Institute of Clinical Medicine, College of Medicine, National Cheng Kung University, Tainan, Taiwan; Division of Thoracic Surgery, Department of Surgery, National Cheng Kung University Hospital, College of Medicine, National Cheng Chung University, Tainan, Taiwan.
Chest Hospital, Ministry of Health and Welfare, Tainan, Taiwan.
J Microbiol Immunol Infect. 2023 Oct;56(5):1064-1072. doi: 10.1016/j.jmii.2023.07.006. Epub 2023 Jul 28.
Multidrug-resistant tuberculosis (MDR-TB) requires extended treatment with regimens with multiple side effects, resulting in high treatment failure rates. Adjunctive lung resection combined with anti-tubercular agents improves outcomes.

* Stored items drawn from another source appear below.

definition vertex_cover :: "'a set \<Rightarrow> ('a \<Rightarrow> 'a \<Rightarrow> bool) \<Rightarrow> 'a set \<Rightarrow> bool" where
  "vertex_cover V E C \<longleftrightarrow> C \<subseteq> V \<and> (\<forall>a\<in>V. \<forall>b\<in>V. E a b \<longrightarrow> a \<in> C \<or> b \<in> C)"

definition minimal_vertex_cover :: "'a set \<Rightarrow> ('a \<Rightarrow> 'a \<Rightarrow> bool) \<Rightarrow> 'a set \<Rightarrow> bool" where
  "minimal_vertex_cover V E C \<longleftrightarrow> vertex_cover V E C \<and> (\<forall>D. D \<subset> C \<longrightarrow> \<not> vertex_cover V E D)"

definition independent_set :: "'a set \<Rightarrow> ('a \<Rightarrow> 'a \<Rightarrow> bool) \<Rightarrow> 'a set \<Rightarrow> bool" where
  "independent_set V E S \<longleftrightarrow> S \<subseteq> V \<and> (\<forall>a\<in>S. \<forall>b\<in>S. \<not> E a b)"

definition maximal_independent_set :: "'a set \<Rightarrow> ('a \<Rightarrow> 'a \<Rightarrow> bool) \<Rightarrow> 'a set \<Rightarrow> bool" where
  "maximal_independent_set V E S \<longleftrightarrow> independent_set V E S \<and>
     (\<forall>T. independent_set V E T \<and> S \<subseteq> T \<longrightarrow> T = S)"

definition very_well_covered :: "'a set \<Rightarrow> ('a \<Rightarrow> 'a \<Rightarrow> bool) \<Rightarrow> bool" where
  "very_well_covered V E \<longleftrightarrow> (\<forall>v\<in>V. \<exists>w\<in>V. E v w) \<and>
     (\<forall>C. minimal_vertex_cover V E C \<longrightarrow> 2 * card C = card V)"

(* Monomials in k[V] are multisets of variables; the edge {p,q} is the monomial pq.
   A monomial m lies in (I(G)^(s+1) : e_1...e_s) (s = length es) iff m*e_1*...*e_s lies in
   the monomial ideal I(G)^(s+1), i.e. iff it is divisible by a product of s+1 edges. *)
definition edge_prod :: "('a \<times> 'a) list \<Rightarrow> 'a multiset" where
  "edge_prod es = (\<Sum>(p,q)\<leftarrow>es. {#p, q#})"

definition in_power_colon :: "('a \<Rightarrow> 'a \<Rightarrow> bool) \<Rightarrow> ('a \<times> 'a) list \<Rightarrow> 'a multiset \<Rightarrow> bool" where
  "in_power_colon E es m \<longleftrightarrow>
     (\<exists>fs. length fs = Suc (length es) \<and> (\<forall>(p,q)\<in>set fs. E p q) \<and>
           edge_prod fs \<subseteq># m + edge_prod es)"

end

theory Submission
  imports Defs
begin

(* The hypothesis on u says that u is even-connected to itself through the edges e_1, ..., e_s,
   and a is joined to w in G' by a walk alternating between edges of G and edges among the e_m.
   Very well-coveredness together with the perfect matching {x_j, y_j} gives the key fact that
   every neighbour of u is adjacent to every neighbour of w.  Hence the closed walk at u may be
   restarted at any neighbour of w, and following the walk from a towards w we either meet an
   edge of the closed walk, or reach the vertex just before w; in both cases we switch to the
   closed walk and arrive at u, using each e_m no more often than allowed.  By the key fact the
   endpoint u of the resulting walk, resp. the endpoint w of the original one, may be replaced by
   any neighbour of w, resp. of u. *)

lemma minimal_vertex_cover_Diff_maximal_independent_set:
  assumes "maximal_independent_set V E M"
  shows "minimal_vertex_cover V E (V - M)"
proof -
  have M: "M \<subseteq> V" "\<forall>p\<in>M. \<forall>q\<in>M. \<not> E p q"
    and max: "\<And>T. independent_set V E T \<Longrightarrow> M \<subseteq> T \<Longrightarrow> T = M"
    using assms unfolding maximal_independent_set_def independent_set_def by blast+
  have "\<not> vertex_cover V E D" if "D \<subset> V - M" for D
  proof
    assume cover: "vertex_cover V E D"
    obtain v where v: "v \<in> V - M" "v \<notin> D" using \<open>D \<subset> V - M\<close> by blast
    have "independent_set V E (insert v M)"
      using cover M v \<open>D \<subset> V - M\<close> unfolding vertex_cover_def independent_set_def by blast
    then show False using max v by blast
  qed
  moreover have "vertex_cover V E (V - M)" using M unfolding vertex_cover_def by blast
  ultimately show ?thesis unfolding minimal_vertex_cover_def by blast
qed

lemma ex_maximal_independent_set_superset:
  assumes "finite V" "independent_set V E S"
  shows "\<exists>M. maximal_independent_set V E M \<and> S \<subseteq> M"
proof -
  let ?A = "{T. independent_set V E T \<and> S \<subseteq> T}"
  have "?A \<subseteq> Pow V" by (auto simp: independent_set_def)
  then have "finite ?A" using assms(1) by (meson finite_Pow_iff finite_subset)
  then obtain M where "M \<in> ?A" "\<forall>T\<in>?A. M \<le> T \<longrightarrow> M = T"
    using finite_has_maximal2[of ?A S] assms(2) by blast
  then show ?thesis unfolding maximal_independent_set_def by blast
qed

lemma card_independent_set_avoiding_matching_edge:
  assumes "V = x ` {1..h} \<union> y ` {1..h}" and matching: "\<forall>j\<in>{1..h}. E (x j) (y j)"
    and indep: "independent_set V E M" and "k \<in> {1..h}" "x k \<notin> M" "y k \<notin> M"
  shows "card M < h"
proof -
  have "\<forall>m\<in>M. \<exists>j\<in>{1..h} - {k}. m = x j \<or> m = y j"
  proof
    fix m assume "m \<in> M"
    then obtain j where "j \<in> {1..h}" "m = x j \<or> m = y j"
      using assms(1) indep unfolding independent_set_def by blast
    moreover have "j \<noteq> k" using calculation(2) \<open>m \<in> M\<close> assms(5,6) by blast
    ultimately show "\<exists>j\<in>{1..h} - {k}. m = x j \<or> m = y j" by blast
  qed
  then obtain idx where idx: "\<forall>m\<in>M. idx m \<in> {1..h} - {k} \<and> (m = x (idx m) \<or> m = y (idx m))"
    by metis
  have "inj_on idx M"
  proof
    fix m m' assume mm: "m \<in> M" "m' \<in> M" "idx m = idx m'"
    show "m = m'"
    proof (rule ccontr)
      assume "m \<noteq> m'"
      then have "E m m' \<or> E m' m" using idx mm matching by (metis DiffD1)
      then show False using indep mm unfolding independent_set_def by blast
    qed
  qed
  then have "card M \<le> card ({1..h} - {k})"
    using idx by (intro card_inj_on_le) auto
  then show ?thesis using assms(4) by (simp; linarith)
qed

(* Otherwise {p, q} extends to a maximal independent set M, whose complement is a minimal vertex
   cover; so card M = h, although M contains neither x k nor y k. *)
lemma very_well_covered_matching_neighbours_adjacent:
  assumes graph: "simple_graph V E" and V_eq: "V = x ` {1..h} \<union> y ` {1..h}"
    and card_V: "card V = 2 * h" and vwc: "very_well_covered V E"
    and matching: "\<forall>j\<in>{1..h}. E (x j) (y j)"
    and "k \<in> {1..h}" "E p (x k)" "E q (y k)"
  shows "E p q"
proof (rule ccontr)
  assume "\<not> E p q"
  then have "independent_set V E {p, q}"
    using assms(7,8) graph unfolding simple_graph_def independent_set_def by blast
  then obtain M where M: "maximal_independent_set V E M" "{p, q} \<subseteq> M"
    using ex_maximal_independent_set_superset graph unfolding simple_graph_def by blast
  have "finite V" using graph unfolding simple_graph_def by blast
  have "M \<subseteq> V" using M(1) unfolding maximal_independent_set_def independent_set_def by blast
  have "2 * card (V - M) = card V"
    using vwc minimal_vertex_cover_Diff_maximal_independent_set[OF M(1)]
    unfolding very_well_covered_def by blast
  then have "card M = h"
    using card_Diff_subset[OF finite_subset[OF \<open>M \<subseteq> V\<close> \<open>finite V\<close>] \<open>M \<subseteq> V\<close>]
      card_mono[OF \<open>finite V\<close> \<open>M \<subseteq> V\<close>] card_V by linarith
  moreover have "x k \<notin> M" "y k \<notin> M"
    using M assms(7,8) unfolding maximal_independent_set_def independent_set_def by blast+
  ultimately show False
    using card_independent_set_avoiding_matching_edge[OF V_eq matching _ assms(6)] M(1)
    unfolding maximal_independent_set_def by fastforce
qed

(* For U \<noteq> {#} this says that p and q are
   even-connected through the edges U; for U = {#} it says that p and q are adjacent. *)
inductive alt_walk :: "('a \<Rightarrow> 'a \<Rightarrow> bool) \<Rightarrow> 'a multiset multiset \<Rightarrow> 'a \<Rightarrow> 'a \<Rightarrow> bool"
  for E where
  adjacent: "E p q \<Longrightarrow> alt_walk E {#} p q"
| step: "E p c \<Longrightarrow> E c d \<Longrightarrow> alt_walk E U d q \<Longrightarrow> alt_walk E (add_mset {#c, d#} U) p q"

lemma alt_walk_snoc:
  "alt_walk E U p d \<Longrightarrow> E d c \<Longrightarrow> E c q \<Longrightarrow> alt_walk E (add_mset {#c, d#} U) p q"
proof (induction arbitrary: c q rule: alt_walk.induct)
  case (adjacent p d)
  then show ?case using alt_walk.step[OF _ _ alt_walk.adjacent] by (metis add_mset_commute)
next
  case (step p c' d' U d)
  then show ?case using alt_walk.step by (metis add_mset_commute)
qed

lemma alt_walk_sym:
  assumes "symp E" "alt_walk E U p q"
  shows "alt_walk E U q p"
  using assms(2) by induction (auto intro: alt_walk.adjacent alt_walk_snoc sympD[OF assms(1)])

lemma alt_walk_restart:
  assumes "symp E" "alt_walk E U p q" "\<forall>r. E p r \<longrightarrow> E r t"
  shows "alt_walk E U t q"
  using assms(2)
proof cases
  case adjacent
  then show ?thesis using assms by (auto intro: alt_walk.adjacent sympD)
next
  case (step c d U')
  then show ?thesis using assms by (auto intro: alt_walk.step sympD)
qed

However, few studies have evaluated the potential harm from surgery and determined the optimal conditions for surgery. We aimed to analyze perioperative conditions to assess risk factors for postoperative complications in a multi-institutional setting.
This retrospective study included 44 patients with MDR-TB who underwent adjunctive lung resection at three management groups of the Taiwan MDR-TB consortium between January 2007 and December 2020. Demographic data, clinical characteristics, radiological findings, sputum culture status before surgery, primary or acquired drug resistance, surgical procedure, complications, and treatment outcomes were collected and analyzed. Multivariate logistic regression was used to identify risk factors for postoperative complications.
Twenty-seven patients (61.4%) underwent lung resection using video-assisted thoracic surgery (VATS). The overall surgical complication rate was 20.5%, and the surgical mortality rate was 9.1%. Postsurgical hemothorax was the most common complication (11.4%). According to the univariate analysis, hilum involvement in images, positive preoperative sputum culture, and thoracotomy approach were unfavorable factors. VATS approach [adjusted OR, 0.088 (95% CI, 0.008-0.999)] was the only favorable factor identified by multivariate analysis.
The minimally invasive approach is a growing trend, and lobectomies and sublobar resections were the main procedures for MDR-TB. The VATS approach significantly reduced the surgical complication rate. Postsurgical hemothorax was noteworthy, and meticulous hemostasis of the chest wall and residual lung surface is critical for successful resections.
耐多药结核病(MDR-TB)需要采用具有多种副作用的方案进行长期治疗,导致治疗失败率较高。辅助性肺切除术联合抗结核药物可改善治疗效果。然而,很少有研究评估手术带来的潜在危害,并确定手术的最佳条件。我们旨在分析围手术期情况,以评估多机构环境下术后并发症的危险因素。
本回顾性研究纳入了 2007 年 1 月至 2020 年 12 月期间,台湾耐多药结核病联合会的三个管理组中 44 例接受辅助性肺切除术的 MDR-TB 患者。收集并分析了人口统计学数据、临床特征、影像学发现、手术前痰培养状况、原发性或获得性药物耐药性、手术方式、并发症和治疗结果。采用多变量逻辑回归分析确定术后并发症的危险因素。
27 例患者(61.4%)采用电视辅助胸腔镜手术(VATS)进行肺切除术。总的手术并发症发生率为 20.5%,手术死亡率为 9.1%。术后血胸是最常见的并发症(11.4%)。根据单因素分析,影像学上的肺门受累、术前痰培养阳性和开胸手术方式是不利因素。VATS 方法[调整后的优势比(OR),0.088(95%可信区间,0.008-0.999)]是多变量分析中唯一确定的有利因素。
微创手术是一种不断发展的趋势,肺叶切除术和亚肺叶切除术是 MDR-TB 的主要手术方式。VATS 方法显著降低了手术并发症发生率。术后血胸值得关注,仔细止血胸壁和残肺表面对于成功切除至关重要。